Theranostics. Theranostics, a combination of therapeutic and diagnostic approaches, is one of the most exciting areas in molecular imaging. This refers to the idea of targeted molecular imaging using radionuclide-labeled molecules not only for imaging but also for therapy delivery. Radionuclides with optimal decay characteristics can serve as delivery system for targeted radiation therapy. Radiation has proven to be a very useful treatment option for different cancers, but it is limited in that its source is external and the treatment affects all the tissue in the radiation field. With theranostics, the source of radiation is internalized targeting specific malignant cells throughout the body including micro-metastatic disease. Locally delivered radiation damages the DNA triggering apoptosis in the targeted cells. Pre-treatment scans and therapy can use the same carrier; however, a different radionuclide attached to the carrier can be used for the imaging and therapy. Certain theranostic radiopharmaceutical pairs are already in clinical use; for example, 68Ga-DOTATATE/177Lu-DOTATATE represents the theranostic pair of labeled somatostatin analogs for neuroendocrine cancers where the 68Ga-DOTATATE is used for imaging and the 177Lu-DOTATATE for therapy if the tumors are positive on the 68Ga-DOTATATE imaging which confirms they have the somatostatin receptor-2 (SSTR-2).
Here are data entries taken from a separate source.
(* Let $p=4m+1$ be a prime, put $n=2m$, and let $A_0=(a_0,\ldots,a_n)\in\mathbb{F}_p^{n+1}$ satisfy $a_i^2\neq a_j^2$ for all $0\le i<j\le n$. For $u,v\in\mathbb{F}_p$ define \[ D_{A_0}(u,v)=\det\left[\chi(a_i+a_j)+\chi(a_i-a_j)+u\,\chi(a_i^2+va_j^2)\right]_{0\le i,j\le n}. \] Then \[ D_{A_0}(u,v)\equiv(-1)^{m(2m+1)}u^{2m+1}v^{m(2m+1)}\left(\prod_{r=0}^{2m}\binom{2m}{r}\right)\prod_{0\le i<j\le 2m}(a_j^2-a_i^2)^2 \pmod p. \]
   Context: $\chi(t)=\left(\frac{t}{p}\right)$ is the Legendre symbol on $\mathbb{F}_p$, with $\chi(0)=0$; the determinant is an integer and the congruence is taken modulo $p$ (equivalently, as an identity in $\mathbb{F}_p$). *)

theory Defs
  imports "HOL-Number_Theory.Number_Theory" "Jordan_Normal_Form.Determinant"
begin

end

theory Submission
  imports Defs
begin

(* By Euler's criterion chi(t) = t^(2m) mod p, so modulo p the matrix has entries F(a_i, a_j) with
   F(alpha, beta) = (alpha + beta)^2m + (alpha - beta)^2m + u (alpha^2 + v beta^2)^2m.
   F is a polynomial G(alpha^2, beta^2) of degree at most 2m in each variable, so the matrix
   factors as V C V^T with V the Vandermonde matrix of the a_i^2 and C the coefficient matrix of G.
   After reversing its columns C is upper triangular with diagonal u binom(2m, r) v^(2m-r): the
   u-part of G lives on r + s = 2m and the rest on r + s = m. *)

lemma det_mat_scale_rows:
  "det (mat n n (\<lambda>(i, j). c i * f i j)) = (\<Prod>i<n. c i) * det (mat n n (\<lambda>(i, j). f i j))"
proof -
  have "det (mat n n (\<lambda>(i, j). c i * f i j))
      = (\<Sum>p | p permutes {0..<n}. signof p * (\<Prod>i<n. c i * f i (p i)))"
    unfolding det_def by (auto intro!: sum.cong prod.cong simp: permutes_in_image atLeast0LessThan)
  also have "\<dots> = (\<Prod>i<n. c i) * (\<Sum>p | p permutes {0..<n}. signof p * (\<Prod>i<n. f i (p i)))"
    by (simp add: sum_distrib_left prod.distrib algebra_simps)
  also have "(\<Sum>p | p permutes {0..<n}. signof p * (\<Prod>i<n. f i (p i))) = det (mat n n (\<lambda>(i, j). f i j))"
    unfolding det_def by (auto intro!: sum.cong prod.cong simp: permutes_in_image atLeast0LessThan)
  finally show ?thesis .
qed

lemma det_exchange_mat:
  "det (mat n n (\<lambda>(i, j). if i + j = n - 1 then 1 else 0) :: 'a::comm_ring_1 mat) = (-1) ^ (\<Sum>k<n. k)"
proof (induction n)
  case 0
  show ?case by (simp add: det_def)
next
  case (Suc n)
  define R :: "'a mat" where "R = mat (Suc n) (Suc n) (\<lambda>(i, j). if i + j = n then 1 else 0)"
  have "det R = (\<Sum>j<Suc n. R $$ (0, j) * cofactor R 0 j)"
    by (rule laplace_expansion_row) (simp_all add: R_def)
  also have "\<dots> = cofactor R 0 n"
    by (subst sum.lessThan_Suc) (simp add: R_def)
  also have "mat_delete R 0 n = mat n n (\<lambda>(i, j). if i + j = n - 1 then 1 else 0)"
    by (rule eq_matI) (auto simp: R_def mat_delete_def)
  then have "cofactor R 0 n = (-1) ^ n * (-1) ^ (\<Sum>k<n. k)"
    using Suc.IH by (simp add: cofactor_def)
  finally show ?case
    by (simp add: R_def power_add mult.commute)
qed

lemma det_reverse_cols:
  fixes A :: "'a::comm_ring_1 mat"
  assumes A: "A \<in> carrier_mat n n"
  shows "det (mat n n (\<lambda>(i, j). A $$ (i, n - 1 - j))) = (-1) ^ (\<Sum>k<n. k) * det A"
proof -
  define R :: "'a mat" where "R = mat n n (\<lambda>(i, j). if i + j = n - 1 then 1 else 0)"
  have R: "R \<in> carrier_mat n n" by (simp add: R_def)
  have det_R: "det R = (-1) ^ (\<Sum>k<n. k)"
    unfolding R_def by (rule det_exchange_mat)
  have AR: "mat n n (\<lambda>(i, j). A $$ (i, n - 1 - j)) = A * R"
  proof (rule eq_matI)
    fix i j assume "i < dim_row (A * R)" "j < dim_col (A * R)"
    then have i: "i < n" and j: "j < n" using A by (auto simp: R_def)
    have "(A * R) $$ (i, j) = (\<Sum>k\<in>{0..<n}. A $$ (i, k) * (if k + j = n - 1 then 1 else 0))"
      using A i j by (simp add: R_def scalar_prod_def)
    also have "\<dots> = (\<Sum>k\<in>{0..<n}. if k = n - 1 - j then A $$ (i, k) else 0)"
      using j by (intro sum.cong) auto
    finally show "mat n n (\<lambda>(i, j). A $$ (i, n - 1 - j)) $$ (i, j) = (A * R) $$ (i, j)"
      using i j by simp
  qed (use A in \<open>auto simp: R_def\<close>)
  show ?thesis
    unfolding AR det_mult[OF A R] det_R by (rule mult.commute)
qed

lemma vandermonde_column_reduction:
  fixes x :: "nat \<Rightarrow> 'a::comm_ring_1"
  shows "mat (Suc n) (Suc n) (\<lambda>(i, j). x i ^ j)
           * mat (Suc n) (Suc n) (\<lambda>(k, j). if k = j then 1 else if j = Suc k then - x 0 else 0)
       = mat (Suc n) (Suc n) (\<lambda>(i, j). if j = 0 then 1 else (x i - x 0) * x i ^ (j - 1))"
    (is "?A * ?E = ?B")
proof (rule eq_matI)
  fix i j assume "i < dim_row ?B" "j < dim_col ?B"
  then have i: "i < Suc n" and j: "j < Suc n" by simp_all
  have "(?A * ?E) $$ (i, j) = (\<Sum>k<Suc n. x i ^ k * (if k = j then 1 else if j = Suc k then - x 0 else 0))"
    using i j by (simp add: scalar_prod_def lessThan_atLeast0)
  also have "\<dots> = (\<Sum>k<Suc n. if k = j then x i ^ k else 0) + (\<Sum>k<Suc n. if Suc k = j then - x 0 * x i ^ k else 0)"
    by (subst sum.distrib[symmetric]) (rule sum.cong, auto)
  also have "\<dots> = ?B $$ (i, j)"
  proof (cases j)
    case (Suc l)
    then show ?thesis using i j by (simp add: algebra_simps del: sum.lessThan_Suc)
  qed (use i in simp)
  finally show "(?A * ?E) $$ (i, j) = ?B $$ (i, j)" .
qed simp_all

lemma det_vandermonde:
  fixes x :: "nat \<Rightarrow> 'a::comm_ring_1"
  shows "det (mat n n (\<lambda>(i, j). x i ^ j)) = (\<Prod>j<n. \<Prod>i<j. x j - x i)"
proof (induction n arbitrary: x)
  case 0
  show ?case by (simp add: det_def)
next
  case (Suc n)
  define A where "A = mat (Suc n) (Suc n) (\<lambda>(i, j). x i ^ j)"
  define E where "E = mat (Suc n) (Suc n) (\<lambda>(k, j). if k = j then 1 else if j = Suc k then - x 0 else 0)"
  define B where "B = mat (Suc n) (Suc n) (\<lambda>(i, j). if j = 0 then 1 else (x i - x 0) * x i ^ (j - 1))"
  have A: "A \<in> carrier_mat (Suc n) (Suc n)" and E: "E \<in> carrier_mat (Suc n) (Suc n)"
    and B: "B \<in> carrier_mat (Suc n) (Suc n)" by (auto simp: A_def B_def E_def)
  have "det E = prod_list (diag_mat E)"
    by (rule det_upper_triangular[OF _ E]) (auto simp: upper_triangular_def E_def)
  also have "\<dots> = 1"
    unfolding prod_list_diag_prod by (rule prod.neutral) (simp add: E_def)
  finally have "det A = det B"
    using det_mult[OF A E] vandermonde_column_reduction[of n x] by (simp add: A_def E_def B_def)
  also have "det B = (\<Sum>j<Suc n. B $$ (0, j) * cofactor B 0 j)"
    by (rule laplace_expansion_row[OF B]) simp
  also have "\<dots> = cofactor B 0 0"
    by (subst sum.lessThan_Suc_shift) (simp add: B_def)
  also have "\<dots> = det (mat n n (\<lambda>(i, j). (x (Suc i) - x 0) * x (Suc i) ^ j))"
    unfolding cofactor_def
    by (simp, rule arg_cong[where f=det], rule eq_matI) (auto simp: mat_delete_def B_def)
  also have "\<dots> = (\<Prod>i<n. x (Suc i) - x 0) * (\<Prod>j<n. \<Prod>i<j. x (Suc j) - x (Suc i))"
    by (simp add: det_mat_scale_rows Suc.IH)
  also have "\<dots> = (\<Prod>j<Suc n. \<Prod>i<j. x j - x i)"
    by (subst prod.lessThan_Suc_shift, subst prod.lessThan_Suc_shift) (simp add: prod.distrib)
  finally show ?case by (simp add: A_def)
qed

lemma bilinear_form_mat_factor:
  fixes c :: "nat \<Rightarrow> nat \<Rightarrow> 'a::comm_ring_1"
  shows "mat n n (\<lambda>(i, j). \<Sum>r<n. \<Sum>s<n. c r s * x i ^ r * y j ^ s)
       = mat n n (\<lambda>(i, r). x i ^ r) * mat n n (\<lambda>(r, s). c r s) * (mat n n (\<lambda>(j, s). y j ^ s))\<^sup>T"
    (is "?M = ?P")
proof (rule eq_matI)
  fix i j assume "i < dim_row ?P" "j < dim_col ?P"
  then have i: "i < n" and j: "j < n" by simp_all
  have "?P $$ (i, j) = (\<Sum>s<n. (\<Sum>r<n. x i ^ r * c r s) * y j ^ s)"
    using i j by (simp add: scalar_prod_def lessThan_atLeast0)
  also have "\<dots> = (\<Sum>s<n. \<Sum>r<n. c r s * x i ^ r * y j ^ s)"
    by (simp add: sum_distrib_left sum_distrib_right mult_ac)
  also have "\<dots> = (\<Sum>r<n. \<Sum>s<n. c r s * x i ^ r * y j ^ s)"
    by (rule sum.swap)
  finally show "?M $$ (i, j) = ?P $$ (i, j)"
    using i j by simp
qed simp_all

lemma det_bilinear_form:
  fixes c :: "nat \<Rightarrow> nat \<Rightarrow> 'a::comm_ring_1"
  shows "det (mat n n (\<lambda>(i, j). \<Sum>r<n. \<Sum>s<n. c r s * x i ^ r * y j ^ s))
       = (\<Prod>j<n. \<Prod>i<j. x j - x i) * det (mat n n (\<lambda>(r, s). c r s)) * (\<Prod>j<n. \<Prod>i<j. y j - y i)"
proof -
  have X: "mat n n (\<lambda>(i, r). x i ^ r) \<in> carrier_mat n n"
    and C: "mat n n (\<lambda>(r, s). c r s) \<in> carrier_mat n n"
    and Y: "mat n n (\<lambda>(j, s). y j ^ s) \<in> carrier_mat n n" by simp_all
  show ?thesis
    unfolding bilinear_form_mat_factor det_mult[OF mult_carrier_mat[OF X C] transpose_carrier_mat[THEN iffD2, OF Y]]
      det_mult[OF X C] det_transpose[OF Y] det_vandermonde ..
qed

lemma binomial_plus_minus_even:
  fixes \<alpha> \<beta> :: "'a::comm_ring_1"
  shows "(\<alpha> + \<beta>) ^ (2*m) + (\<alpha> - \<beta>) ^ (2*m)
       = (\<Sum>r\<le>m. 2 * of_nat (2*m choose (2*r)) * (\<alpha>^2) ^ r * (\<beta>^2) ^ (m - r))"
proof -
  define f where "f k = of_nat (2*m choose k) * \<alpha>^k * \<beta>^(2*m - k) * (1 + (-1)^k)" for k
  have "(\<alpha> - \<beta>) ^ (2*m) = (-\<alpha> + \<beta>) ^ (2*m)"
    using power_minus_even[where a = "-\<alpha> + \<beta>" and n = "2*m"] by simp
  also have "\<dots> = (\<Sum>k\<le>2*m. of_nat (2*m choose k) * (-\<alpha>)^k * \<beta>^(2*m - k))"
    by (rule binomial_ring)
  finally have "(\<alpha> + \<beta>) ^ (2*m) + (\<alpha> - \<beta>) ^ (2*m)
      = (\<Sum>k\<le>2*m. of_nat (2*m choose k) * \<alpha>^k * \<beta>^(2*m - k) + of_nat (2*m choose k) * (-\<alpha>)^k * \<beta>^(2*m - k))"
    by (simp only: binomial_ring sum.distrib)
  also have "\<dots> = (\<Sum>k\<le>2*m. f k)"
    by (rule sum.cong) (simp_all add: f_def power_minus[of \<alpha>] distrib_left)
  also have "\<dots> = (\<Sum>k\<le>Suc (2*m). f k)"
    by (simp add: f_def)
  also have "\<dots> = (\<Sum>r\<le>m. f (2*r) + f (Suc (2*r)))"
    by (rule sum.in_pairs_0)
  also have "\<dots> = (\<Sum>r\<le>m. 2 * of_nat (2*m choose (2*r)) * (\<alpha>^2) ^ r * (\<beta>^2) ^ (m - r))"
  proof (rule sum.cong)
    fix r assume "r \<in> {..m}"
    then have "2*m - 2*r = 2*(m - r)" by simp
    then show "f (2*r) + f (Suc (2*r)) = 2 * of_nat (2*m choose (2*r)) * (\<alpha>^2) ^ r * (\<beta>^2) ^ (m - r)"
      by (simp add: f_def power_mult)
  qed simp
  finally show ?thesis .
qed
Heat shock proteins, also known as stress proteins, investigated for oncologic applications, appear to play a role in pathogenesis of pulmonary fibrosis. These are being investigated as potential biomarkers and therapeutic targets in idiopathic pulmonary fibrosis.
Molecular imaging is a rapidly developing field with extensive ongoing research and expanding indications. These newer imaging techniques have a substantial impact on the patient management and outcome. Nuclear medicine and molecular imaging significantly contribute to the development of targeted therapies and precision medicine leading to improved patient care. The concept of dual probe, a single molecule labeled with a radionuclide for single photon emission computed tomography (SPECT)/positron emission tomography (PET) and a light emitter for optical imaging), is gaining increasing acceptance, especially in minimally invasive radioguided surgery. The expansion of theranostics, using the same molecule for diagnosis (γ or positron emitter) and therapy (β minus or α emitter) is reshaping personalized medicine. Upcoming research and development efforts will lead to an even wider array of indications for nuclear medicine both in diagnosis and treatment.